# What this task involves
Taking the listing below, restate word for word each line from the line with "by (rule eq_matI) (use assms in auto)" to the line with "unfolding hermitian_def by", ends included, and stop there.

# Source material
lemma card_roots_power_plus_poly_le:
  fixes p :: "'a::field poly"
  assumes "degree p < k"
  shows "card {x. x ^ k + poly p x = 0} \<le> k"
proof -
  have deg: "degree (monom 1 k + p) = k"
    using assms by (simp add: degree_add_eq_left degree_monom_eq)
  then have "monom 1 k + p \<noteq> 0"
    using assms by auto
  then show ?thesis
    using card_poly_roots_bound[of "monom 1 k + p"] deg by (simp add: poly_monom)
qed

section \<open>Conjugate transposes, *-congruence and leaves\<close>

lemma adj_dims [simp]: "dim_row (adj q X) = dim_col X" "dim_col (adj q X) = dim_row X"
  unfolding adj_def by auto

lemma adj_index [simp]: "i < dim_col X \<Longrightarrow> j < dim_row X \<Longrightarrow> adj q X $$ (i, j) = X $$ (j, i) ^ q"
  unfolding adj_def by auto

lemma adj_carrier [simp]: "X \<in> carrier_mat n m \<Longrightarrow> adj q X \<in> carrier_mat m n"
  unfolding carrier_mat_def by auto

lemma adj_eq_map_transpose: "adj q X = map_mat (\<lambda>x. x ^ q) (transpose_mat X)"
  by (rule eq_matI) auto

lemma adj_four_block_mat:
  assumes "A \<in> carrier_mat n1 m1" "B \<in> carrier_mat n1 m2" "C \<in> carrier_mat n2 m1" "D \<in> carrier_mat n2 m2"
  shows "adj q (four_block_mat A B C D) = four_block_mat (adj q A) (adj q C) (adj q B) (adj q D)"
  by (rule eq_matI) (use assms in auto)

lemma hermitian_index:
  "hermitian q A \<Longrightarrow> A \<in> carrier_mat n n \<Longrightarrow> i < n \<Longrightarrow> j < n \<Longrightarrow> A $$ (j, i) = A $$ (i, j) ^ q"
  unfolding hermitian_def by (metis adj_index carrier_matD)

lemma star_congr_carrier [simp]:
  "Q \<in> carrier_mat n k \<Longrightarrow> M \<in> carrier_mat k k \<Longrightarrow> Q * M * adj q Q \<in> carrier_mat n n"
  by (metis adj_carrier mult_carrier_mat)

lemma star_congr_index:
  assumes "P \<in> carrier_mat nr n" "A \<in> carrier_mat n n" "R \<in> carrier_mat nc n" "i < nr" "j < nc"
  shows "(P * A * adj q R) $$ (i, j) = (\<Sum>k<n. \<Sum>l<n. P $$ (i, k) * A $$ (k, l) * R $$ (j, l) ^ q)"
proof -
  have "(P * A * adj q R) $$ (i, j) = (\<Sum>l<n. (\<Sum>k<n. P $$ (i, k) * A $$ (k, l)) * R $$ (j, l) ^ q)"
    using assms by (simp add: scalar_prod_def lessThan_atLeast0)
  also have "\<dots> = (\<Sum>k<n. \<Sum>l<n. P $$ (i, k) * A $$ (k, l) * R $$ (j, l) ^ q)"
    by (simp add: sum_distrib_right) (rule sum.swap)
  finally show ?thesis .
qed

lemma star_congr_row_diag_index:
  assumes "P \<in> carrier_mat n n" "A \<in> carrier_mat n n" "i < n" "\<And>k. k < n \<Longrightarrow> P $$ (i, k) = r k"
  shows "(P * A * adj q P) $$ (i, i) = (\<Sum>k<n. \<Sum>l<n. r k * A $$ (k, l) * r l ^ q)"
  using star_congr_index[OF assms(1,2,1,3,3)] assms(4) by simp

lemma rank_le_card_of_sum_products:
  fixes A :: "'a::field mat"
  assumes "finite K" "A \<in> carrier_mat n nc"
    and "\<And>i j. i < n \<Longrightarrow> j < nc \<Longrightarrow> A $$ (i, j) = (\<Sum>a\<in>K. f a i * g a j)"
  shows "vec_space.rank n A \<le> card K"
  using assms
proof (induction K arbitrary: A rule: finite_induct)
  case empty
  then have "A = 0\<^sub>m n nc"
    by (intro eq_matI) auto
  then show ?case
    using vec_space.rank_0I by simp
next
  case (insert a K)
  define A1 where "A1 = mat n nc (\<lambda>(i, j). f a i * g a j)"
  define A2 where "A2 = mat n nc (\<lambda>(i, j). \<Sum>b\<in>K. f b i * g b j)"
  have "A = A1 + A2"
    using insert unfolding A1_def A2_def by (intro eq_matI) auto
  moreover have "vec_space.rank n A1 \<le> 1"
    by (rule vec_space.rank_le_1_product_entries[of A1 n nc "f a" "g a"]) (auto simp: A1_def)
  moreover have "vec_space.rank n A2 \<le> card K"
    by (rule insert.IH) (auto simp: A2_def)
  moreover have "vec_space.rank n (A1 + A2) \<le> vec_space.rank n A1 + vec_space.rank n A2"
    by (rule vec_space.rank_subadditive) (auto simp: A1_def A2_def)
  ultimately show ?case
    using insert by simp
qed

==

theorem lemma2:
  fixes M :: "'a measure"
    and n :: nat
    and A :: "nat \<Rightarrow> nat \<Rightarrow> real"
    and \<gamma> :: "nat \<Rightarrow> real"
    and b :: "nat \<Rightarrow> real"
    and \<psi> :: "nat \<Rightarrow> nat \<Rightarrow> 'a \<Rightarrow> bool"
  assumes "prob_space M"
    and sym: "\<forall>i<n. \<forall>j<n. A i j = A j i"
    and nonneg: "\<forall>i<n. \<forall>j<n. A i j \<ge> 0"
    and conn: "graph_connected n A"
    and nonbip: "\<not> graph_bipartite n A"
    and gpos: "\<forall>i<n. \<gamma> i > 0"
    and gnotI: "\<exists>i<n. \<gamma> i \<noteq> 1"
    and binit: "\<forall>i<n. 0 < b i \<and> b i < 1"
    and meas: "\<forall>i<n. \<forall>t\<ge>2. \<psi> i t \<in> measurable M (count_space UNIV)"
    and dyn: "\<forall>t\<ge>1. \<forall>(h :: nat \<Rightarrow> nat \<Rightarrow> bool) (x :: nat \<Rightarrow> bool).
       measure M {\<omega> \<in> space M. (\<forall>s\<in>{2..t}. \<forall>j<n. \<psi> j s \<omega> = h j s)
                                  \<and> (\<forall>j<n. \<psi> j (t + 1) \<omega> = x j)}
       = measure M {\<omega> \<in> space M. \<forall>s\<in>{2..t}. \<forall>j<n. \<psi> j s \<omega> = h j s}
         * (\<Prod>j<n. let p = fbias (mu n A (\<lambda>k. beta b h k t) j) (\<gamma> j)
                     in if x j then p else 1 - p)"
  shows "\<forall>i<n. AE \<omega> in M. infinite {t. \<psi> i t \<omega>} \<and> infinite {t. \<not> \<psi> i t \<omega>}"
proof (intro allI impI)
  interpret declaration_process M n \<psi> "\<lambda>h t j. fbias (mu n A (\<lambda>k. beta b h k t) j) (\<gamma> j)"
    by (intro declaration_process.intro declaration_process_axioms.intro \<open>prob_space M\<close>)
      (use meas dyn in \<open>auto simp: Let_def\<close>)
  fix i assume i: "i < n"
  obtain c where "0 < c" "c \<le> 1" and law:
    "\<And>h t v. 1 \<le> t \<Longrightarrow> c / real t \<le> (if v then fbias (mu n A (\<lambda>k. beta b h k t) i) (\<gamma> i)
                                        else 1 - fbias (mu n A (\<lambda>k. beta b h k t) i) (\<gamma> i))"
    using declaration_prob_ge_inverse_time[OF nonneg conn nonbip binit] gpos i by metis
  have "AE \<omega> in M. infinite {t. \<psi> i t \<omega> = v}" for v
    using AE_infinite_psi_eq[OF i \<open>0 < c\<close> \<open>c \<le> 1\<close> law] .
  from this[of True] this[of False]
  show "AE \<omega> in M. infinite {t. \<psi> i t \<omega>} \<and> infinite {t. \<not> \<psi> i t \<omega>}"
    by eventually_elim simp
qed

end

# Final answer
  by (rule eq_matI) (use assms in auto)

lemma hermitian_index:
  "hermitian q A \<Longrightarrow> A \<in> carrier_mat n n \<Longrightarrow> i < n \<Longrightarrow> j < n \<Longrightarrow> A $$ (j, i) = A $$ (i, j) ^ q"
  unfolding hermitian_def by (metis adj_index carrier_matD)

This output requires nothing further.